We have in this minister a minister who has exercised executive quickness and has reacted with a great sense of urgency and fairness. He has looked for and sought advice. When he received the information and made his assessment he made quick decisions in the best interest of the government and the people of Canada. I cannot think of a minister in the last 25 years who has had more things tumble down on his portfolio than this minister has had over the last 15 months. He has continued to show fair-mindedness and good sense in his judgments on behalf of the Canadian people and in his decisions on behalf of the Department of National Defence.

The minister saw that it was necessary to come clean and have a full and thorough investigation through the commission he established, based originally on the selection of the airborne regiment to go to Somalia, its actions in Somalia, and the actions thereafter.

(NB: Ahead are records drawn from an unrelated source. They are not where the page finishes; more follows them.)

lemma is_gpc_restr:
  assumes gpc: "is_gpc M1 M2 M" and m1: "matroid M1" and m2: "matroid M2" and X: "flat M X"
  shows "is_gpc (restr M1 (X \<inter> gnd M1)) (restr M2 (X \<inter> gnd M2)) (restr M X)"
proof -
  have m: "matroid M" and gnd_M: "gnd M = gnd M1 \<union> gnd M2"
    and flat_M: "\<And>Z. flat M Z \<longleftrightarrow> Z \<subseteq> gnd M \<and> flat M1 (Z \<inter> gnd M1) \<and> flat M2 (Z \<inter> gnd M2)"
    using gpc by (simp_all add: is_gpc_def)
  have XM: "X \<subseteq> gnd M" using flat_subset_gnd[OF X] .
  have X1: "flat M1 (X \<inter> gnd M1)" and X2: "flat M2 (X \<inter> gnd M2)"
    using is_gpc_flat_Int[OF gpc X] by auto
  have "flat (restr M X) Z \<longleftrightarrow>
      Z \<subseteq> X \<and> flat (restr M1 (X \<inter> gnd M1)) (Z \<inter> (X \<inter> gnd M1))
        \<and> flat (restr M2 (X \<inter> gnd M2)) (Z \<inter> (X \<inter> gnd M2))" for Z
  proof -
    have "\<And>A. Z \<subseteq> X \<Longrightarrow> Z \<inter> (X \<inter> A) = Z \<inter> A" by auto
    then show ?thesis
      using flat_restr_iff[OF m X] flat_restr_iff[OF m1 X1] flat_restr_iff[OF m2 X2] flat_M XM by auto
  qed
  then show ?thesis
    using matroid_restr[OF m XM] XM gnd_M by (auto simp: is_gpc_def)
qed

lemma is_PG_restr_flat_Int:
  assumes m: "matroid M" and P: "is_PG F (restr M T)" and T: "flat M T" and Y: "flat M Y"
  shows "is_PG F (restr M (T \<inter> Y))"
proof -
  have "flat (restr M T) (T \<inter> Y)" using flat_restr_iff[OF m T] flat_Int[OF m T Y] by blast
  then have "is_PG F (restr (restr M T) (T \<inter> Y))"
    using is_PG_restr_flat[OF matroid_restr[OF m flat_subset_gnd[OF T]] P] by blast
  then show ?thesis by (simp add: restr_restr)
qed

theorem lemma2p2:
  fixes F :: "'f::{finite,field} itself" and M :: "'a matroid" and X :: "'a set"
  assumes "chordal F M" and "flat M X"
  shows "chordal F (restr M X)"
  using assms
proof (induction arbitrary: X rule: chordal.induct)
  case (base M)
  then show ?case
    using flat_subset_gnd simple_matroid_restr is_PG_restr_flat
    by (metis chordal.base simple_matroid_def)
next
  case (gpc M1 M2 M)
  let ?X1 = "X \<inter> gnd M1" and ?X2 = "X \<inter> gnd M2" and ?T = "gnd M1 \<inter> gnd M2"
  have m1: "matroid M1" and m2: "matroid M2" using gpc.hyps(1,2) by (simp_all add: chordal_matroid)
  have X1: "flat M1 ?X1" and X2: "flat M2 ?X2" using is_gpc_flat_Int[OF gpc.hyps(6) gpc.prems] by auto
  have T: "flat M1 ?T" using gpc.hyps(3) by (simp add: modular_flat_def)
  have gnd_Int: "gnd (restr M1 ?X1) \<inter> gnd (restr M2 ?X2) = ?T \<inter> ?X1" by auto
  have sub: "?T \<inter> ?X1 \<subseteq> ?X1" "?T \<inter> ?X1 \<subseteq> ?X2" "?T \<inter> ?X1 \<subseteq> ?T" by auto
  have "modular_flat (restr M1 ?X1) (?T \<inter> ?X1)"
    using modular_flat_restr[OF m1 gpc.hyps(3) X1] .
  moreover have "restr (restr M1 ?X1) (?T \<inter> ?X1) = restr (restr M2 ?X2) (?T \<inter> ?X1)"
    using restr_eq_subset[OF gpc.hyps(4) sub(3)] by (simp only: restr_restr[OF sub(1)] restr_restr[OF sub(2)])
  moreover have "is_PG F (restr (restr M1 ?X1) (?T \<inter> ?X1))"
    using is_PG_restr_flat_Int[OF m1 gpc.hyps(5) T X1] by (simp only: restr_restr[OF sub(1)])
  moreover have "is_gpc (restr M1 ?X1) (restr M2 ?X2) (restr M X)"
    using is_gpc_restr[OF gpc.hyps(6) m1 m2 gpc.prems] .
  ultimately show ?case
    using chordal.gpc[OF gpc.IH(1)[OF X1] gpc.IH(2)[OF X2]] unfolding gnd_Int by blast
qed

end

He is now free to let the commission loose with a broad ranging mandate to seek answers to those and other questions incorporated in the motion of the hon. member for Saanich-Gulf Islands.

A broad ranging mandate has been given to the commission to investigate the matter although its real purpose is to investigate the airborne regiment in its preparedness, its selection and its actions in Somalia, the actions thereafter, the actions at National Defence Headquarters, the actions of politicians and all things that go into training, morale building and genuine good leadership within the forces.

The government tabled a report on defence in the House entitled "Security in the Changing World" which called for a number of things. We would like to see one of them, an annual debate in Parliament in both the Senate and the House of Commons on defence. It would provide an opportunity to put forward thoughts on defence. It would be important for it to be held as quickly as possible after the defence estimates were tabled so that it would be relevant, current and not at arm's length or distanced from the realities of the budget at hand.

The report also requested that there be an ongoing standing committee to review matters directly involving national defence issues and that the committee report back to the House. As I have said, the recommendations were clear. The annual defence review and assessment would be one mandate that could be given to the standing committee on defence, making it meaningful and giving it purpose.

The report indicated that there was a role for the standing committee to investigate and oversee the defence budget and major procurement by the government dealing with defence capital expenditures. The committee would be able to bring forward expert witnesses. It could call upon the Auditor General. It could call upon other learned persons within government ranks for their expertise. Then the committee could report to Parliament in a meaningful and forceful manner about its findings.

I am very pleased to have joined in the debate today. The hon. member for Saanich-Gulf Islands made some very valid points.

Many of the points he wishes to see covered could be tumbled into the commission that has been established by the Minister of National Defence and picked up and reviewed as part of that mandate.

The minister has been most energetic, forthright and insightful in terms of the judgment he brings to the House. On behalf of all Canadians he has worked on behalf of the armed forces.